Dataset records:
┌────────
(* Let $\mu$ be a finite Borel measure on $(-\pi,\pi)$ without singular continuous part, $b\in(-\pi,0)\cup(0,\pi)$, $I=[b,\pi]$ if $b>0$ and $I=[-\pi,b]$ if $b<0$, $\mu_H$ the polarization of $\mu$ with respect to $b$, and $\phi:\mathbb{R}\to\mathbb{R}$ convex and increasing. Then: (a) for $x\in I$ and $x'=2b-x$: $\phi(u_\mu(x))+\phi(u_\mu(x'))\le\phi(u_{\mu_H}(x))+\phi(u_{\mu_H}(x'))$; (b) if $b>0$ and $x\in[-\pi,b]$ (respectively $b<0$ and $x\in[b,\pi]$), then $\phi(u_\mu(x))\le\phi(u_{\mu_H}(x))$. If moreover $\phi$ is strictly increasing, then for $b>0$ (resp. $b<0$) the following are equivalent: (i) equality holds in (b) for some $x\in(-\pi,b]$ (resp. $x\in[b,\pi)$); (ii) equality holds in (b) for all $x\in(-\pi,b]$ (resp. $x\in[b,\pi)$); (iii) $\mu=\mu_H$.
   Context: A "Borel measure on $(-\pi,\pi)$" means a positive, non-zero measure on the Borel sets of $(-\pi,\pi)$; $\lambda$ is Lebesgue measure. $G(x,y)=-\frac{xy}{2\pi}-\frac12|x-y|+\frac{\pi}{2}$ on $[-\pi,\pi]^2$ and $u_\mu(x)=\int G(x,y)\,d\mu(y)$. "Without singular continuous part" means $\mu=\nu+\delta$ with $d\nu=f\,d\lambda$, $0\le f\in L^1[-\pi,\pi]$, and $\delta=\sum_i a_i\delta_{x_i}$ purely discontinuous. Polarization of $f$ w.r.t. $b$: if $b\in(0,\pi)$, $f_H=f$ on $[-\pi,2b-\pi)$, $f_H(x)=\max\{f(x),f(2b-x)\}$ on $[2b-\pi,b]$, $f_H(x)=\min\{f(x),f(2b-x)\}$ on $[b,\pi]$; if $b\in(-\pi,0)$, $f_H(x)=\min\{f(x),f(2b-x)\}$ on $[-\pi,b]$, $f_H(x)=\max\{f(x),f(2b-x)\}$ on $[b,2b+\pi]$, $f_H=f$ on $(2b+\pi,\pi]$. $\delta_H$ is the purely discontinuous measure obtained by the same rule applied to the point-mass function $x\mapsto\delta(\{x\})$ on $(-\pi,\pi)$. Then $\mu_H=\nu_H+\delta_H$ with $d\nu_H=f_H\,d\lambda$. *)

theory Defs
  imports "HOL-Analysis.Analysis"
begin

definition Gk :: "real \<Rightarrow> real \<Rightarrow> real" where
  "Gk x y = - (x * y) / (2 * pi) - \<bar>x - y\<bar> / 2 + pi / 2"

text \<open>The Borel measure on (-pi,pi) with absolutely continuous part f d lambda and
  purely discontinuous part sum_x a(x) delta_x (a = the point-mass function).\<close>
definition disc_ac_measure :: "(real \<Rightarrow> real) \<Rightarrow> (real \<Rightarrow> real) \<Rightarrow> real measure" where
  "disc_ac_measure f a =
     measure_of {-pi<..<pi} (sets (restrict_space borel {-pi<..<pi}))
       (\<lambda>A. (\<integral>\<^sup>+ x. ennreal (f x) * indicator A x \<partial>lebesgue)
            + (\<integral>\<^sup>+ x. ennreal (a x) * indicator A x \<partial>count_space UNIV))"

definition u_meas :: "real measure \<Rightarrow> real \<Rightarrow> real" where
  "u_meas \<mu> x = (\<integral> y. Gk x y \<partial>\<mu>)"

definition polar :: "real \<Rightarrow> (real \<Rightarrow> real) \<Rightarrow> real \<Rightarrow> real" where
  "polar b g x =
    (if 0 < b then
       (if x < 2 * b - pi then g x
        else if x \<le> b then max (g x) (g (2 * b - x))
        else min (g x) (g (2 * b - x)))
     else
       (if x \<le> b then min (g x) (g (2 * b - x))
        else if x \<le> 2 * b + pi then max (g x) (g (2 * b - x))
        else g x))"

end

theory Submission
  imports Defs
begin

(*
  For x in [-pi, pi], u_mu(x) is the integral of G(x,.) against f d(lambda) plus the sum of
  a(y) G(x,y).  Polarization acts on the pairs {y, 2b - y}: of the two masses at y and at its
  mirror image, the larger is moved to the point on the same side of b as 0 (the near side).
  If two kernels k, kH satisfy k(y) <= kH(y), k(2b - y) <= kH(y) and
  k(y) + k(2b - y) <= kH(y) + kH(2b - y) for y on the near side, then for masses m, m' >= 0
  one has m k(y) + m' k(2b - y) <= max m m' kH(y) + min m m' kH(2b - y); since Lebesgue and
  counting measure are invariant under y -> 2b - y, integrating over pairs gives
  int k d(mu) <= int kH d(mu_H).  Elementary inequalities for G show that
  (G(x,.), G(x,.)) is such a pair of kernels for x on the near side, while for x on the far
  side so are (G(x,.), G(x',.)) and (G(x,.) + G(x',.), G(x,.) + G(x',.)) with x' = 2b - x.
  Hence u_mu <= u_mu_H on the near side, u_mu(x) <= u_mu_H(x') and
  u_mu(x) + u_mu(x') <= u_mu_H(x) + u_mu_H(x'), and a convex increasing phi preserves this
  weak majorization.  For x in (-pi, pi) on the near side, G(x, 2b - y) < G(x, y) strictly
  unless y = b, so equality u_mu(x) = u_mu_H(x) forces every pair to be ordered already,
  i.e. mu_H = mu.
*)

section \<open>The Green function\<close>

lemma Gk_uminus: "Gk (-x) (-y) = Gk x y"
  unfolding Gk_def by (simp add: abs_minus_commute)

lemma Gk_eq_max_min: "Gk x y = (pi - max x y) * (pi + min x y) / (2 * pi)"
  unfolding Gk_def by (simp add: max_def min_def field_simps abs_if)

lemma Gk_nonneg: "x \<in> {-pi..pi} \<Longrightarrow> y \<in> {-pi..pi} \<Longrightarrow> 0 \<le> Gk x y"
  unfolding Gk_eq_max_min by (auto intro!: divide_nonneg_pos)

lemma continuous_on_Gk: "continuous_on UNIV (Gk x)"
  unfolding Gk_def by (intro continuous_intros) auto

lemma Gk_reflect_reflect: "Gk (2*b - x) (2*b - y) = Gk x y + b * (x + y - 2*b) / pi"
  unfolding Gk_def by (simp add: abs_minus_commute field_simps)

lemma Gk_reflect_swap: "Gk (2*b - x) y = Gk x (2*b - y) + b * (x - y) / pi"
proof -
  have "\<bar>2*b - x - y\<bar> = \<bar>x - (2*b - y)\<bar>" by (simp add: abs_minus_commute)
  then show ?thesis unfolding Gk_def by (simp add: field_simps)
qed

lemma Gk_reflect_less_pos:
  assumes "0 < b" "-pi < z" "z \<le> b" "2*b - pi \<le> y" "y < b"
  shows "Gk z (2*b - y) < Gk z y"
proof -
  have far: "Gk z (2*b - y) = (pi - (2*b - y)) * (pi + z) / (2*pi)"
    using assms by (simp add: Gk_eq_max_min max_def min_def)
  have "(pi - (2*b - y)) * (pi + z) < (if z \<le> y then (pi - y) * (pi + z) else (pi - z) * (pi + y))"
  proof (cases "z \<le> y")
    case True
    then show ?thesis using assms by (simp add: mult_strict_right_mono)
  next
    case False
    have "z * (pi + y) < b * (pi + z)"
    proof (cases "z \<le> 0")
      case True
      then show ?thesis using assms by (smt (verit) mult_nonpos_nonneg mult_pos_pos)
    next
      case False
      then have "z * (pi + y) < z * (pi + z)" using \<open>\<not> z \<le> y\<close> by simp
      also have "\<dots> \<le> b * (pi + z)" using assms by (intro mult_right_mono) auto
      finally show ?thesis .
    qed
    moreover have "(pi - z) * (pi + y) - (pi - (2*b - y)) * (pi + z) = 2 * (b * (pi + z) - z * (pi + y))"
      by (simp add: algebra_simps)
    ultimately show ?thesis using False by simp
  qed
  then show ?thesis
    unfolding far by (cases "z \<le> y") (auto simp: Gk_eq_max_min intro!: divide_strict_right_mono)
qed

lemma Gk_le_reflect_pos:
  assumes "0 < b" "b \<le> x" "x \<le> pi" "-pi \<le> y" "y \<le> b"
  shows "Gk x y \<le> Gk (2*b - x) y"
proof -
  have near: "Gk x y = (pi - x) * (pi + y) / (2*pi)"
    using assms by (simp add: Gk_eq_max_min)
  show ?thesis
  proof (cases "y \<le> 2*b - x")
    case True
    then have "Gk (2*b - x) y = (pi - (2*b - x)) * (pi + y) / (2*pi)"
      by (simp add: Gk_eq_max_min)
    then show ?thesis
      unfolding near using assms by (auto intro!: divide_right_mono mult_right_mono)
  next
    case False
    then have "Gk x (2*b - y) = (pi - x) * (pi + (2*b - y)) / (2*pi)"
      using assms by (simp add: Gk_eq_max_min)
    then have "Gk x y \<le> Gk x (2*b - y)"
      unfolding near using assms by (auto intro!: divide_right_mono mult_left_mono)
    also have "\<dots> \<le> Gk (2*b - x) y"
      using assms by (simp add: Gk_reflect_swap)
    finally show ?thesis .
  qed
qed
└────────
For each line in the entries that holds "increasing", return that line.

(* Let $\mu$ be a finite Borel measure on $(-\pi,\pi)$ without singular continuous part, $b\in(-\pi,0)\cup(0,\pi)$, $I=[b,\pi]$ if $b>0$ and $I=[-\pi,b]$ if $b<0$, $\mu_H$ the polarization of $\mu$ with respect to $b$, and $\phi:\mathbb{R}\to\mathbb{R}$ convex and increasing. Then: (a) for $x\in I$ and $x'=2b-x$: $\phi(u_\mu(x))+\phi(u_\mu(x'))\le\phi(u_{\mu_H}(x))+\phi(u_{\mu_H}(x'))$; (b) if $b>0$ and $x\in[-\pi,b]$ (respectively $b<0$ and $x\in[b,\pi]$), then $\phi(u_\mu(x))\le\phi(u_{\mu_H}(x))$. If moreover $\phi$ is strictly increasing, then for $b>0$ (resp. $b<0$) the following are equivalent: (i) equality holds in (b) for some $x\in(-\pi,b]$ (resp. $x\in[b,\pi)$); (ii) equality holds in (b) for all $x\in(-\pi,b]$ (resp. $x\in[b,\pi)$); (iii) $\mu=\mu_H$.
  u_mu(x) + u_mu(x') <= u_mu_H(x) + u_mu_H(x'), and a convex increasing phi preserves this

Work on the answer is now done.